■ **Your instructions**: The expected answer is all of the entries, written out exactly.
─── Given information ───
text \<open>Jensen's inequality for the function \<open>z \<mapsto> exp (- \<eta> * \<parallel>z\<parallel>\<^sup>2)\<close>, which is concave on the
  ball of radius \<open>r\<close> when \<open>2 * \<eta> * r\<^sup>2 \<le> 1\<close>: sum the tangent inequality at the mean.\<close>

lemma suminf_exp_neg_sq_norm_le:
  fixes b :: "nat \<Rightarrow> 'a::{real_inner,banach}"
  assumes "\<eta> > 0" "2 * \<eta> * r\<^sup>2 \<le> 1" "p sums 1" "\<And>i. p i \<ge> 0" "\<And>i. norm (b i) \<le> r"
  shows "(\<Sum>i. p i * exp (- \<eta> * (norm (b i))\<^sup>2)) \<le> exp (- \<eta> * (norm (\<Sum>i. p i *\<^sub>R b i))\<^sup>2)"
proof -
  define a where "a = (\<Sum>i. p i *\<^sub>R b i)"
  define fa where "fa = exp (- \<eta> * (norm a)\<^sup>2)"
  have a_small: "norm a \<le> r"
    unfolding a_def using assms(3-5) by (rule norm_suminf_scaleR_le)
  have small: "2 * \<eta> * (norm z)\<^sup>2 \<le> 1" if "norm z \<le> r" for z
    using that assms(1,2) by (smt (verit) mult_left_mono norm_ge_zero power_mono)
  have p_summable: "summable p"
    using assms(3) by (rule sums_summable)
  have mean: "(\<lambda>i. p i *\<^sub>R b i) sums a"
    unfolding a_def using summable_scaleR_bounded [OF p_summable assms(4,5)] by (rule summable_sums)
  have "(\<lambda>i. p i *\<^sub>R b i - p i *\<^sub>R a) sums (a - 1 *\<^sub>R a)"
    by (intro sums_diff mean sums_scaleR_left assms(3))
  then have "(\<lambda>i. a \<bullet> (p i *\<^sub>R b i - p i *\<^sub>R a)) sums 0"
    using bounded_linear.sums [OF bounded_linear_inner_right] by fastforce
  then have tangent_sums: "(\<lambda>i. fa * (p i - 2 * \<eta> * (a \<bullet> (p i *\<^sub>R b i - p i *\<^sub>R a)))) sums fa"
    using sums_mult [OF sums_diff [OF assms(3) sums_mult]] by fastforce
  have tangent: "p i * exp (- \<eta> * (norm (b i))\<^sup>2) \<le> fa * (p i - 2 * \<eta> * (a \<bullet> (p i *\<^sub>R b i - p i *\<^sub>R a)))" for i
  proof -
    have "p i * exp (- \<eta> * (norm (b i))\<^sup>2) \<le> p i * (fa * (1 - 2 * \<eta> * (a \<bullet> (b i - a))))"
      unfolding fa_def
      using exp_neg_sq_norm_tangent [OF assms(1) small [OF a_small] small [OF assms(5)]] assms(4)
      by (intro mult_left_mono)
    also have "\<dots> = fa * (p i - 2 * \<eta> * (a \<bullet> (p i *\<^sub>R b i - p i *\<^sub>R a)))"
      by (simp add: inner_diff_right algebra_simps)
    finally show ?thesis .
  qed
  have "summable (\<lambda>i. p i * exp (- \<eta> * (norm (b i))\<^sup>2))"
  proof (rule summable_comparison_test' [OF p_summable, of 0])
    fix i
    have "exp (- \<eta> * (norm (b i))\<^sup>2) \<le> 1"
      using assms(1) by simp
    then show "norm (p i * exp (- \<eta> * (norm (b i))\<^sup>2)) \<le> p i"
      using assms(4) [of i] by (simp add: mult_left_le)
  qed
  then have "(\<Sum>i. p i * exp (- \<eta> * (norm (b i))\<^sup>2)) \<le> fa"
    using sums_le [OF tangent _ tangent_sums] summable_sums by blast
  then show ?thesis
    by (simp add: fa_def a_def)
qed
───
■ **Solution for this task**:
text \<open>Jensen's inequality for the function \<open>z \<mapsto> exp (- \<eta> * \<parallel>z\<parallel>\<^sup>2)\<close>, which is concave on the
  ball of radius \<open>r\<close> when \<open>2 * \<eta> * r\<^sup>2 \<le> 1\<close>: sum the tangent inequality at the mean.\<close>

lemma suminf_exp_neg_sq_norm_le:
  fixes b :: "nat \<Rightarrow> 'a::{real_inner,banach}"
  assumes "\<eta> > 0" "2 * \<eta> * r\<^sup>2 \<le> 1" "p sums 1" "\<And>i. p i \<ge> 0" "\<And>i. norm (b i) \<le> r"
  shows "(\<Sum>i. p i * exp (- \<eta> * (norm (b i))\<^sup>2)) \<le> exp (- \<eta> * (norm (\<Sum>i. p i *\<^sub>R b i))\<^sup>2)"
proof -
  define a where "a = (\<Sum>i. p i *\<^sub>R b i)"
  define fa where "fa = exp (- \<eta> * (norm a)\<^sup>2)"
  have a_small: "norm a \<le> r"
    unfolding a_def using assms(3-5) by (rule norm_suminf_scaleR_le)
  have small: "2 * \<eta> * (norm z)\<^sup>2 \<le> 1" if "norm z \<le> r" for z
    using that assms(1,2) by (smt (verit) mult_left_mono norm_ge_zero power_mono)
  have p_summable: "summable p"
    using assms(3) by (rule sums_summable)
  have mean: "(\<lambda>i. p i *\<^sub>R b i) sums a"
    unfolding a_def using summable_scaleR_bounded [OF p_summable assms(4,5)] by (rule summable_sums)
  have "(\<lambda>i. p i *\<^sub>R b i - p i *\<^sub>R a) sums (a - 1 *\<^sub>R a)"
    by (intro sums_diff mean sums_scaleR_left assms(3))
  then have "(\<lambda>i. a \<bullet> (p i *\<^sub>R b i - p i *\<^sub>R a)) sums 0"
    using bounded_linear.sums [OF bounded_linear_inner_right] by fastforce
  then have tangent_sums: "(\<lambda>i. fa * (p i - 2 * \<eta> * (a \<bullet> (p i *\<^sub>R b i - p i *\<^sub>R a)))) sums fa"
    using sums_mult [OF sums_diff [OF assms(3) sums_mult]] by fastforce
  have tangent: "p i * exp (- \<eta> * (norm (b i))\<^sup>2) \<le> fa * (p i - 2 * \<eta> * (a \<bullet> (p i *\<^sub>R b i - p i *\<^sub>R a)))" for i
  proof -
    have "p i * exp (- \<eta> * (norm (b i))\<^sup>2) \<le> p i * (fa * (1 - 2 * \<eta> * (a \<bullet> (b i - a))))"
      unfolding fa_def
      using exp_neg_sq_norm_tangent [OF assms(1) small [OF a_small] small [OF assms(5)]] assms(4)
      by (intro mult_left_mono)
    also have "\<dots> = fa * (p i - 2 * \<eta> * (a \<bullet> (p i *\<^sub>R b i - p i *\<^sub>R a)))"
      by (simp add: inner_diff_right algebra_simps)
    finally show ?thesis .
  qed
  have "summable (\<lambda>i. p i * exp (- \<eta> * (norm (b i))\<^sup>2))"
  proof (rule summable_comparison_test' [OF p_summable, of 0])
    fix i
    have "exp (- \<eta> * (norm (b i))\<^sup>2) \<le> 1"
      using assms(1) by simp
    then show "norm (p i * exp (- \<eta> * (norm (b i))\<^sup>2)) \<le> p i"
      using assms(4) [of i] by (simp add: mult_left_le)
  qed
  then have "(\<Sum>i. p i * exp (- \<eta> * (norm (b i))\<^sup>2)) \<le> fa"
    using sums_le [OF tangent _ tangent_sums] summable_sums by blast
  then show ?thesis
    by (simp add: fa_def a_def)
qed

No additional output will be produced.